26. Southern Illinois Healthcare, a four-hospital system based in Carbondale, announced it would eliminate or restructure 76 jobs in management and leadership. The 76 positions fall under senior leadership, management and corporate services. Included in that figure are 33 vacant positions, which will not be filled. No positions in patient care are affected.
27. Citing a need to further reduce overhead expenses and support additional investments in patient care and wages, Traverse City, Mich.-based Munson Health is eliminating 31 positions and leaving another 20 jobs unfilled. All affected positions are in corporate services or management. The layoffs represent less than 1 percent of the health system’s workforce of nearly 8,000.

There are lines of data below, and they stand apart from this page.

(* Let $\mathcal{B}$ be an associative algebra over $\mathbb{C}$, let $\mathcal{A}$ denote the set of all matrices (of arbitrary finite sizes) with entries in $\mathcal{B}$, with the convention that the product of two matrices is defined to be zero if their sizes do not match, and let $\Omega = \mathcal{A}\otimes\bigwedge(\mathbb{C}^2)$. Suppose $(\Omega,\mathrm{d},\bar{\mathrm{d}})$ is a bidifferential calculus. Fix positive integers $n,N,N'$. Let $\boldsymbol{P},\boldsymbol{R}\in\mathrm{Mat}(N,N,\mathcal{B})$, $\tilde{\boldsymbol{U}}\in\mathrm{Mat}(n,N',\mathcal{B})$ and $\tilde{\boldsymbol{V}}\in\mathrm{Mat}(N,n,\mathcal{B})$ be both $\mathrm{d}$-constant and $\bar{\mathrm{d}}$-constant, and put $\boldsymbol{Q}=\tilde{\boldsymbol{V}}\tilde{\boldsymbol{U}}$. Let $\boldsymbol{X}\in\mathrm{Mat}(N,N,\mathcal{B})$ and $\boldsymbol{Y}\in\mathrm{Mat}(N',N,\mathcal{B})$ satisfy $$\bar{\mathrm{d}}\boldsymbol{X}=(\mathrm{d}\boldsymbol{X})\,\boldsymbol{P},\qquad \bar{\mathrm{d}}\boldsymbol{Y}=(\mathrm{d}\boldsymbol{Y})\,\boldsymbol{P},\qquad \boldsymbol{R}\boldsymbol{X}-\boldsymbol{X}\boldsymbol{P}=-\boldsymbol{Q}\boldsymbol{Y}.$$ If $\boldsymbol{X}$ is invertible, then $\phi=\tilde{\boldsymbol{U}}\boldsymbol{Y}\boldsymbol{X}^{-1}\tilde{\boldsymbol{V}}\in\mathrm{Mat}(n,n,\mathcal{B})$ satisfies $$\bar{\mathrm{d}}\phi=(\mathrm{d}\phi)\,\phi+\mathrm{d}\vartheta\qquad\text{with}\qquad \vartheta=\tilde{\boldsymbol{U}}\boldsymbol{Y}\boldsymbol{X}^{-1}\boldsymbol{R}\tilde{\boldsymbol{V}},$$ and consequently $\bar{\mathrm{d}}\,\mathrm{d}\,\phi=\mathrm{d}\phi\;\mathrm{d}\phi$.
   Context: A graded algebra is an associative algebra $\Omega$ over $\mathbb{C}$ with a decomposition $\Omega=\bigoplus_{r\ge0}\Omega^r$ into a subalgebra $\Omega^0$ and $\Omega^0$-bimodules $\Omega^r$ with $\Omega^r\Omega^s\subseteq\Omega^{r+s}$; here $\Omega^r=\mathcal{A}\otimes\bigwedge^r(\mathbb{C}^2)$. A bidifferential calculus is a unital graded algebra $\Omega$ with two $\mathbb{C}$-linear maps $\mathrm{d},\bar{\mathrm{d}}:\Omega\to\Omega$ of degree one (mapping $\Omega^r$ into $\Omega^{r+1}$) such that, for every $z\in\mathbb{C}$, $\mathrm{d}_z:=\bar{\mathrm{d}}-z\,\mathrm{d}$ satisfies $\mathrm{d}_z^2=0$ and the graded Leibniz rule $\mathrm{d}_z(\chi\chi')=(\mathrm{d}_z\chi)\chi'+(-1)^r\chi\,\mathrm{d}_z\chi'$ for $\chi\in\Omega^r$, $\chi'\in\Omega$ (equivalently: $\mathrm{d},\bar{\mathrm{d}}$ are graded derivations with $\mathrm{d}^2=\bar{\mathrm{d}}^2=\mathrm{d}\bar{\mathrm{d}}+\bar{\mathrm{d}}\mathrm{d}=0$). Here $\mathrm{d}$ and $\bar{\mathrm{d}}$ act on matrices of all sizes over $\mathcal{B}$, and the Leibniz rule holds for all products of matrices of compatible sizes. An element $\chi$ is called $\mathrm{d}$-constant if $\mathrm{d}\chi=0$ and $\bar{\mathrm{d}}$-constant if $\bar{\mathrm{d}}\chi=0$. *)

theory Defs
  imports Complex_Main "Jordan_Normal_Form.Matrix"
begin

text \<open>A homogeneous element of degree 0 of size r x c is a matrix in carrier_mat r c;
  a degree-1 element  a (x) xi1 + b (x) xi2  is the pair (a,b) of matrices of equal size;
  a degree-2 element  m (x) xi1 xi2  is the matrix m.  Omega^3 = 0.\<close>

type_synonym 'b form1 = "'b mat \<times> 'b mat"

definition wf1 :: "nat \<Rightarrow> nat \<Rightarrow> 'b form1 \<Rightarrow> bool" where
  "wf1 r c w \<longleftrightarrow> fst w \<in> carrier_mat r c \<and> snd w \<in> carrier_mat r c"

definition add1 :: "'b::plus form1 \<Rightarrow> 'b form1 \<Rightarrow> 'b form1" where
  "add1 w v = (fst w + fst v, snd w + snd v)"

definition lmul1 :: "'b::semiring_0 mat \<Rightarrow> 'b form1 \<Rightarrow> 'b form1" where
  "lmul1 A w = (A * fst w, A * snd w)"

definition rmul1 :: "'b::semiring_0 form1 \<Rightarrow> 'b mat \<Rightarrow> 'b form1" where
  "rmul1 w B = (fst w * B, snd w * B)"

text \<open>product of two 1-forms: coefficient of xi1 xi2\<close>
definition wedge :: "'b::ring form1 \<Rightarrow> 'b form1 \<Rightarrow> 'b mat" where
  "wedge w v = fst w * snd v - snd w * fst v"

text \<open>B is a unital associative C-algebra: a unital ring with a ring homomorphism
  from C into its centre (scalar multiplication  c x = emb c * x).\<close>
definition complex_algebra :: "(complex \<Rightarrow> 'b::ring_1) \<Rightarrow> bool" where
  "complex_algebra emb \<longleftrightarrow> emb 1 = 1 \<and> (\<forall>a b. emb (a + b) = emb a + emb b)
     \<and> (\<forall>a b. emb (a * b) = emb a * emb b) \<and> (\<forall>c x. emb c * x = x * emb c)"

text \<open>A C-linear, size-preserving map of degree one (D0 on Omega^0, D1 on Omega^1;
  it vanishes on Omega^2 since Omega^3 = 0) satisfying the graded Leibniz rule
  for all products of matrices of compatible sizes.\<close>
definition graded_derivation ::
  "(complex \<Rightarrow> 'b::ring_1) \<Rightarrow> ('b mat \<Rightarrow> 'b form1) \<Rightarrow> ('b form1 \<Rightarrow> 'b mat) \<Rightarrow> bool" where
  "graded_derivation emb D0 D1 \<longleftrightarrow>
     (\<forall>A. wf1 (dim_row A) (dim_col A) (D0 A))
   \<and> (\<forall>r c w. wf1 r c w \<longrightarrow> D1 w \<in> carrier_mat r c)
   \<and> (\<forall>r c A B. A \<in> carrier_mat r c \<longrightarrow> B \<in> carrier_mat r c \<longrightarrow>
        D0 (A + B) = add1 (D0 A) (D0 B))
   \<and> (\<forall>r c w v. wf1 r c w \<longrightarrow> wf1 r c v \<longrightarrow> D1 (add1 w v) = D1 w + D1 v)
   \<and> (\<forall>c A. D0 (emb c \<cdot>\<^sub>m A) = (emb c \<cdot>\<^sub>m fst (D0 A), emb c \<cdot>\<^sub>m snd (D0 A)))
   \<and> (\<forall>c w. D1 (emb c \<cdot>\<^sub>m fst w, emb c \<cdot>\<^sub>m snd w) = emb c \<cdot>\<^sub>m D1 w)
   \<and> (\<forall>r k c A B. A \<in> carrier_mat r k \<longrightarrow> B \<in> carrier_mat k c \<longrightarrow>
        D0 (A * B) = add1 (rmul1 (D0 A) B) (lmul1 A (D0 B)))
   \<and> (\<forall>r k c A w. A \<in> carrier_mat r k \<longrightarrow> wf1 k c w \<longrightarrow>
        D1 (lmul1 A w) = wedge (D0 A) w + A * D1 w)
   \<and> (\<forall>r k c w B. wf1 r k w \<longrightarrow> B \<in> carrier_mat k c \<longrightarrow>
        D1 (rmul1 w B) = D1 w * B - wedge w (D0 B))"
definition incident_edges :: "int^'d \<Rightarrow> (int^'d) set set" where
  "incident_edges x = (\<lambda>y. {x, y}) ` neighbours x"

lemma finite_incident_edges: "finite (incident_edges x)"
  unfolding incident_edges_def by (simp add: finite_neighbours)

lemma card_incident_edges_le: "card (incident_edges (x::int^'d)) \<le> 2 * CARD('d)"
  unfolding incident_edges_def
  using card_image_le[OF finite_neighbours] card_neighbours_le order_trans by blast

lemma incident_edges_subset: "incident_edges x \<subseteq> edges"
  unfolding incident_edges_def neighbours_def edges_def by auto

lemma incident_edges_nonempty: "incident_edges x \<noteq> {}"
  unfolding incident_edges_def neighbours_eq by simp

lemma incident_edges_disjoint:
  assumes "x \<noteq> x'" "\<not> adj x x'"
  shows "incident_edges x \<inter> incident_edges x' = {}"
  using assms by (auto simp: incident_edges_def neighbours_def doubleton_eq_iff adj_sym)

lemma l2norm_sq_indicator: "l2norm_sq (indicator {x}) = 1"
proof -
  have "l2norm_sq (indicator {x}) = (\<Sum>\<^sub>\<infinity>z\<in>{x}. (indicator {x} z)\<^sup>2)"
    unfolding l2norm_sq_def by (rule infsum_cong_neutral) auto
  then show ?thesis by simp
qed

lemma energy_indicator: "energy w (indicator {x}) = (\<Sum>y\<in>neighbours x. w {x, y})"
proof -
  let ?h = "\<lambda>z. \<Sum>y\<in>{y. adj z y}. w {z, y} * (indicator {x} z - indicator {x} y)\<^sup>2 :: real"
  let ?A = "\<Sum>y\<in>neighbours x. w {x, y}"
  have hx: "?h x = ?A"
    unfolding neighbours_def by (rule sum.cong) (auto simp: indicator_def not_adj_self)
  have hz: "?h z = (if adj z x then w {x, z} else 0)" if "z \<noteq> x" for z
  proof -
    have "?h z = (\<Sum>y\<in>neighbours z. if y = x then w {z, y} else 0)"
      unfolding neighbours_def by (rule sum.cong) (auto simp: that)
    also have "\<dots> = (if adj z x then w {x, z} else 0)"
      using finite_neighbours[of z] by (simp add: neighbours_def insert_commute)
    finally show ?thesis .
  qed
  have "(\<Sum>\<^sub>\<infinity>z. ?h z) = (\<Sum>\<^sub>\<infinity>z\<in>insert x (neighbours x). ?h z)"
  proof (rule infsum_cong_neutral)
    fix z assume "z \<in> UNIV - insert x (neighbours x)"
    then show "?h z = 0" using hz[of z] by (auto simp: neighbours_def adj_sym)
  qed auto
  also have "\<dots> = ?h x + (\<Sum>z\<in>neighbours x. ?h z)"
    using finite_neighbours[of x] by (simp add: not_adj_self neighbours_def)
  also have "(\<Sum>z\<in>neighbours x. ?h z) = ?A"
  proof (rule sum.cong)
    fix z assume "z \<in> neighbours x"
    then have "z \<noteq> x" "adj z x" by (auto simp: neighbours_def not_adj_self adj_sym)
    then show "?h z = w {x, z}" using hz[of z] by simp
  qed simp
  finally show ?thesis using hx unfolding energy_def by simp
qed
(* Let $(D,T,k)$ be an instance, $\alpha\ge 1$ a real number, and $\sigma=(v_1,\dots,v_n)$ a regular order of $V(D)$ with $\mathrm{cost}(\sigma)\le\alpha k$, such that $(D,T,k)$ is reduced with respect to $\sigma$. Let $t\in T$ and let $e$ be an affected arc above $t$ with span $[v_l,v_r]$. Then, with $\ell=2(\alpha+1)k+2$, we have $t=v_i$ for some $i$ with $l\le i\le l+\ell$ or $r-\ell\le i\le r$.
   Context: $D$ is a tournament, $T\subseteq V(D)$ is the terminal set, $k$ a positive integer. For an order $\sigma=(v_1,\dots,v_n)$: $[v_l,v_r]=\{v_i:l\le i\le r\}$; an arc $v_iv_j$ is forward if $i<j$, backward if $i>j$; the span of backward arc $v_rv_l$ is $[v_l,v_r]$, and it is above each vertex of its span; a backward arc above a terminal is affected; $\mathrm{cost}(\sigma)$ is the number of affected arcs. A non-terminal interval is an interval with no terminal. $N^+_X(v)=\{u\in X:vu\in A(D)\}$, $N^-_X(v)=\{u\in X:uv\in A(D)\}$. $\sigma$ is regular if for every non-terminal interval $I=[v_l,v_r]$, $|N^+_I(v_l)|\ge\lceil(r-l)/2\rceil$ and $|N^-_I(v_r)|\ge\lceil(r-l)/2\rceil$. A $T$-cycle is a directed cycle containing a terminal. The instance is reduced with respect to $\sigma$ if: $k\ge 1$; $D$ contains a $T$-cycle; every vertex of $D$ lies on some $T$-cycle; and there is no affected arc $uv$ above a terminal $t$ for which there exist $k+1$ pairwise arc-disjoint directed paths from $v$ to $u$ each containing $t$ and consisting only of forward arcs. *)

theory Defs
  imports Complex_Main
begin

text \<open>A digraph is given by a vertex set V and an arc set A of ordered pairs.
  Orders are lists of vertices; positions are 0-based indices.\<close>

definition tournament :: "'a set \<Rightarrow> ('a \<times> 'a) set \<Rightarrow> bool" where
  "tournament V A \<longleftrightarrow> finite V \<and> A \<subseteq> V \<times> V \<and> (\<forall>v. (v, v) \<notin> A) \<and>
     (\<forall>u\<in>V. \<forall>v\<in>V. u \<noteq> v \<longrightarrow> ((u, v) \<in> A \<longleftrightarrow> (v, u) \<notin> A))"

definition is_order :: "'a set \<Rightarrow> 'a list \<Rightarrow> bool" where
  "is_order V \<sigma> \<longleftrightarrow> distinct \<sigma> \<and> set \<sigma> = V"
lemma op_norm_conj_transpose_le: "op_norm (conj_transpose X) \<le> op_norm X"
proof (rule op_norm_le)
  fix w
  let ?u = "conj_transpose X *v w"
  have "(norm ?u)\<^sup>2 = w \<bullet> (X *v ?u)"
    by (simp add: power2_norm_eq_inner inner_conj_transpose_matrix_vector)
  also have "\<dots> \<le> norm w * norm (X *v ?u)"
    by (rule norm_cauchy_schwarz)
  also have "\<dots> \<le> norm w * (op_norm X * norm ?u)"
    by (intro mult_left_mono norm_matrix_vector_le_op_norm norm_ge_zero)
  finally have le: "norm ?u * norm ?u \<le> (op_norm X * norm w) * norm ?u"
    by (simp add: power2_eq_square algebra_simps)
  show "norm ?u \<le> op_norm X * norm w"
  proof (cases "norm ?u = 0")
    case True
    then show ?thesis
      by (simp add: op_norm_nonneg)
  next
    case False
    then show ?thesis
      using mult_right_le_imp_le[OF le] by simp
  qed
qed

definition conj_vec :: "complex^'n \<Rightarrow> complex^'n" where
  "conj_vec v = (\<chi> i. cnj (v$i))"

lemma norm_conj_vec [simp]: "norm (conj_vec v) = norm v"
  by (simp add: norm_vec_def conj_vec_def)

lemma transpose_matrix_vector_eq:
  "Finite_Cartesian_Product.transpose X *v v = conj_vec (conj_transpose X *v conj_vec v)"
  by (simp add: vec_eq_iff matrix_vector_mult_def transpose_def conj_transpose_def conj_vec_def)

lemma op_norm_transpose_le: "op_norm (Finite_Cartesian_Product.transpose X) \<le> op_norm X"
proof (rule op_norm_le)
  fix v
  have "norm (Finite_Cartesian_Product.transpose X *v v) = norm (conj_transpose X *v conj_vec v)"
    by (simp only: transpose_matrix_vector_eq norm_conj_vec)
  also have "\<dots> \<le> op_norm (conj_transpose X) * norm v"
    using norm_matrix_vector_le_op_norm[of "conj_transpose X" "conj_vec v"] by simp
  also have "\<dots> \<le> op_norm X * norm v"
    by (intro mult_right_mono op_norm_conj_transpose_le norm_ge_zero)
  finally show "norm (Finite_Cartesian_Product.transpose X *v v) \<le> op_norm X * norm v" .
qed

lemma row_matrix_mult: "(Y ** X) $ i = Finite_Cartesian_Product.transpose X *v (Y $ i)"
  for X :: "'a::comm_semiring_1^'n^'p" and Y :: "'a^'p^'m"
  by (simp add: vec_eq_iff matrix_matrix_mult_def matrix_vector_mult_def transpose_def ac_simps)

28. West Reading, Pa.-based Tower Health on Nov. 16 laid off 52 corporate employees as the health system shrinks from six hospitals to four. The layoffs, which are expected to save $15 million a year, account for 13 percent of Tower Health’s corporate management staff.
29. Sioux Falls, S.D.-based Sanford Health announced layoffs affecting an undisclosed number of staff in October, a decision its CEO said was made “to streamline leadership structure and simplify operations” in certain areas. The layoffs primarily affect nonclinical areas.
30. St. Vincent Charity Medical Center in Cleveland closed its inpatient and emergency room care Nov. 11, four days before originally planned — and laid off 978 workers in doing so. After the transition, the Sisters of Charity Health System will offer outpatient behavioral health, urgent care and primary care.